• [Task objective] What you give back should match the records word for word.

• [Saved entries]
lemma scc_path_closed:
  assumes "E \<subseteq> V \<times> V" "scc V E C" "c \<in> C" "c' \<in> C" "(c, v) \<in> E\<^sup>*" "(v, c') \<in> E\<^sup>*"
  shows "v \<in> C"
proof -
  have sc: "strongly_connected_set E C" using assms(2) unfolding scc_def by auto
  have cc: "(c, c) \<in> E\<^sup>+" "(c', c) \<in> E\<^sup>+" using strongly_connected_set_trancl[OF sc] assms(3,4) by auto
  have "(c, v) \<in> E\<^sup>+" using assms(5) cc(1) by (cases "c = v") (auto simp: rtrancl_eq_or_trancl)
  moreover have "(v, c) \<in> E\<^sup>+" using assms(6) cc(2) by (rule rtrancl_trancl_trancl)
  ultimately have "v \<in> scc_of E c" unfolding scc_of_def by auto
  moreover have "scc_of E c \<subseteq> C"
    using scc_absorbs[OF assms(1,2) strongly_connected_scc_of(1)[OF cc(1)]]
      strongly_connected_scc_of(2)[OF cc(1)] assms(3) by blast
  ultimately show ?thesis by blast
qed

definition reaches :: "('v \<times> 'v) set \<Rightarrow> 'v set \<Rightarrow> 'v set \<Rightarrow> bool" where
  "reaches E A B \<longleftrightarrow> (\<exists>a\<in>A. \<exists>b\<in>B. (a, b) \<in> E\<^sup>*)"

lemma reaches_trans:
  assumes "scc V E B" "reaches E A B" "reaches E B C"
  shows "reaches E A C"
proof -
  obtain a b where ab: "a \<in> A" "b \<in> B" "(a, b) \<in> E\<^sup>*" using assms(2) unfolding reaches_def by blast
  obtain b' c where bc: "b' \<in> B" "c \<in> C" "(b', c) \<in> E\<^sup>*" using assms(3) unfolding reaches_def by blast
  have "strongly_connected_set E B" using assms(1) unfolding scc_def by blast
  then have "(b, b') \<in> E\<^sup>+" using ab(2) bc(1) by (rule strongly_connected_set_trancl)
  then have "(a, c) \<in> E\<^sup>*" using ab(3) bc(3) by (meson rtrancl_trans trancl_into_rtrancl)
  then show ?thesis unfolding reaches_def using ab(1) bc(2) by blast
qed

lemma scc_reaches_antisym:
  assumes "E \<subseteq> V \<times> V" "scc V E C" "scc V E D" "reaches E C D" "reaches E D C"
  shows "C = D"
proof -
  obtain a b where ab: "a \<in> C" "b \<in> D" "(a, b) \<in> E\<^sup>*" using assms(4) unfolding reaches_def by blast
  obtain b' a' where ba: "b' \<in> D" "a' \<in> C" "(b', a') \<in> E\<^sup>*" using assms(5) unfolding reaches_def by blast
  have "strongly_connected_set E D" using assms(3) unfolding scc_def by blast
  then have "(b, b') \<in> E\<^sup>+" using ab(2) ba(1) by (rule strongly_connected_set_trancl)
  then have "(b, a') \<in> E\<^sup>*" using ba(3) by (meson rtrancl_trans trancl_into_rtrancl)
  then have "b \<in> C" using scc_path_closed[OF assms(1,2) ab(1) ba(2) ab(3)] by simp
  then show ?thesis using scc_eq[OF assms(1-3)] ab(2) by blast
qed

lemma scc_chain_acyclic:
  fixes l :: nat and D :: "nat \<Rightarrow> 'v set"
  assumes "E \<subseteq> V \<times> V" "1 \<le> l" "\<And>m. m \<le> l \<Longrightarrow> scc V E (D m)"
    and "\<And>m. 1 \<le> m \<Longrightarrow> m \<le> l \<Longrightarrow> D (m - 1) \<noteq> D m \<and> reaches E (D (m - 1)) (D m)"
  shows "D 0 \<noteq> D l"
proof
  assume cycle: "D 0 = D l"
  have "1 \<le> m \<Longrightarrow> m \<le> l \<Longrightarrow> reaches E (D 1) (D m)" for m
  proof (induction m)
    case (Suc m)
    show ?case
    proof (cases "m = 0")
      case True
      obtain a where "a \<in> D 1" using assms(3)[of 1] assms(2) unfolding scc_def strongly_connected_set_def by blast
      then show ?thesis using True unfolding reaches_def by auto
    next
      case False
      then show ?thesis
        using reaches_trans[OF assms(3)[of m]] Suc assms(4)[of "Suc m"] by simp
    qed
  qed simp
  then have "reaches E (D 1) (D 0)" using assms(2) cycle by simp
  moreover have "D 0 \<noteq> D 1" "reaches E (D 0) (D 1)" using assms(2) assms(4)[of 1] by auto
  ultimately show False using scc_reaches_antisym[OF assms(1) assms(3)[of 0] assms(3)[of 1]] assms(2) by simp
qed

• [Answer]
lemma scc_path_closed:
  assumes "E \<subseteq> V \<times> V" "scc V E C" "c \<in> C" "c' \<in> C" "(c, v) \<in> E\<^sup>*" "(v, c') \<in> E\<^sup>*"
  shows "v \<in> C"
proof -
  have sc: "strongly_connected_set E C" using assms(2) unfolding scc_def by auto
  have cc: "(c, c) \<in> E\<^sup>+" "(c', c) \<in> E\<^sup>+" using strongly_connected_set_trancl[OF sc] assms(3,4) by auto
  have "(c, v) \<in> E\<^sup>+" using assms(5) cc(1) by (cases "c = v") (auto simp: rtrancl_eq_or_trancl)
  moreover have "(v, c) \<in> E\<^sup>+" using assms(6) cc(2) by (rule rtrancl_trancl_trancl)
  ultimately have "v \<in> scc_of E c" unfolding scc_of_def by auto
  moreover have "scc_of E c \<subseteq> C"
    using scc_absorbs[OF assms(1,2) strongly_connected_scc_of(1)[OF cc(1)]]
      strongly_connected_scc_of(2)[OF cc(1)] assms(3) by blast
  ultimately show ?thesis by blast
qed

definition reaches :: "('v \<times> 'v) set \<Rightarrow> 'v set \<Rightarrow> 'v set \<Rightarrow> bool" where
  "reaches E A B \<longleftrightarrow> (\<exists>a\<in>A. \<exists>b\<in>B. (a, b) \<in> E\<^sup>*)"

lemma reaches_trans:
  assumes "scc V E B" "reaches E A B" "reaches E B C"
  shows "reaches E A C"
proof -
  obtain a b where ab: "a \<in> A" "b \<in> B" "(a, b) \<in> E\<^sup>*" using assms(2) unfolding reaches_def by blast
  obtain b' c where bc: "b' \<in> B" "c \<in> C" "(b', c) \<in> E\<^sup>*" using assms(3) unfolding reaches_def by blast
  have "strongly_connected_set E B" using assms(1) unfolding scc_def by blast
  then have "(b, b') \<in> E\<^sup>+" using ab(2) bc(1) by (rule strongly_connected_set_trancl)
  then have "(a, c) \<in> E\<^sup>*" using ab(3) bc(3) by (meson rtrancl_trans trancl_into_rtrancl)
  then show ?thesis unfolding reaches_def using ab(1) bc(2) by blast
qed

lemma scc_reaches_antisym:
  assumes "E \<subseteq> V \<times> V" "scc V E C" "scc V E D" "reaches E C D" "reaches E D C"
  shows "C = D"
proof -
  obtain a b where ab: "a \<in> C" "b \<in> D" "(a, b) \<in> E\<^sup>*" using assms(4) unfolding reaches_def by blast
  obtain b' a' where ba: "b' \<in> D" "a' \<in> C" "(b', a') \<in> E\<^sup>*" using assms(5) unfolding reaches_def by blast
  have "strongly_connected_set E D" using assms(3) unfolding scc_def by blast
  then have "(b, b') \<in> E\<^sup>+" using ab(2) ba(1) by (rule strongly_connected_set_trancl)
  then have "(b, a') \<in> E\<^sup>*" using ba(3) by (meson rtrancl_trans trancl_into_rtrancl)
  then have "b \<in> C" using scc_path_closed[OF assms(1,2) ab(1) ba(2) ab(3)] by simp
  then show ?thesis using scc_eq[OF assms(1-3)] ab(2) by blast
qed

lemma scc_chain_acyclic:
  fixes l :: nat and D :: "nat \<Rightarrow> 'v set"
  assumes "E \<subseteq> V \<times> V" "1 \<le> l" "\<And>m. m \<le> l \<Longrightarrow> scc V E (D m)"
    and "\<And>m. 1 \<le> m \<Longrightarrow> m \<le> l \<Longrightarrow> D (m - 1) \<noteq> D m \<and> reaches E (D (m - 1)) (D m)"
  shows "D 0 \<noteq> D l"
proof
  assume cycle: "D 0 = D l"
  have "1 \<le> m \<Longrightarrow> m \<le> l \<Longrightarrow> reaches E (D 1) (D m)" for m
  proof (induction m)
    case (Suc m)
    show ?case
    proof (cases "m = 0")
      case True
      obtain a where "a \<in> D 1" using assms(3)[of 1] assms(2) unfolding scc_def strongly_connected_set_def by blast
      then show ?thesis using True unfolding reaches_def by auto
    next
      case False
      then show ?thesis
        using reaches_trans[OF assms(3)[of m]] Suc assms(4)[of "Suc m"] by simp
    qed
  qed simp
  then have "reaches E (D 1) (D 0)" using assms(2) cycle by simp
  moreover have "D 0 \<noteq> D 1" "reaches E (D 0) (D 1)" using assms(2) assms(4)[of 1] by auto
  ultimately show False using scc_reaches_antisym[OF assms(1) assms(3)[of 0] assms(3)[of 1]] assms(2) by simp
qed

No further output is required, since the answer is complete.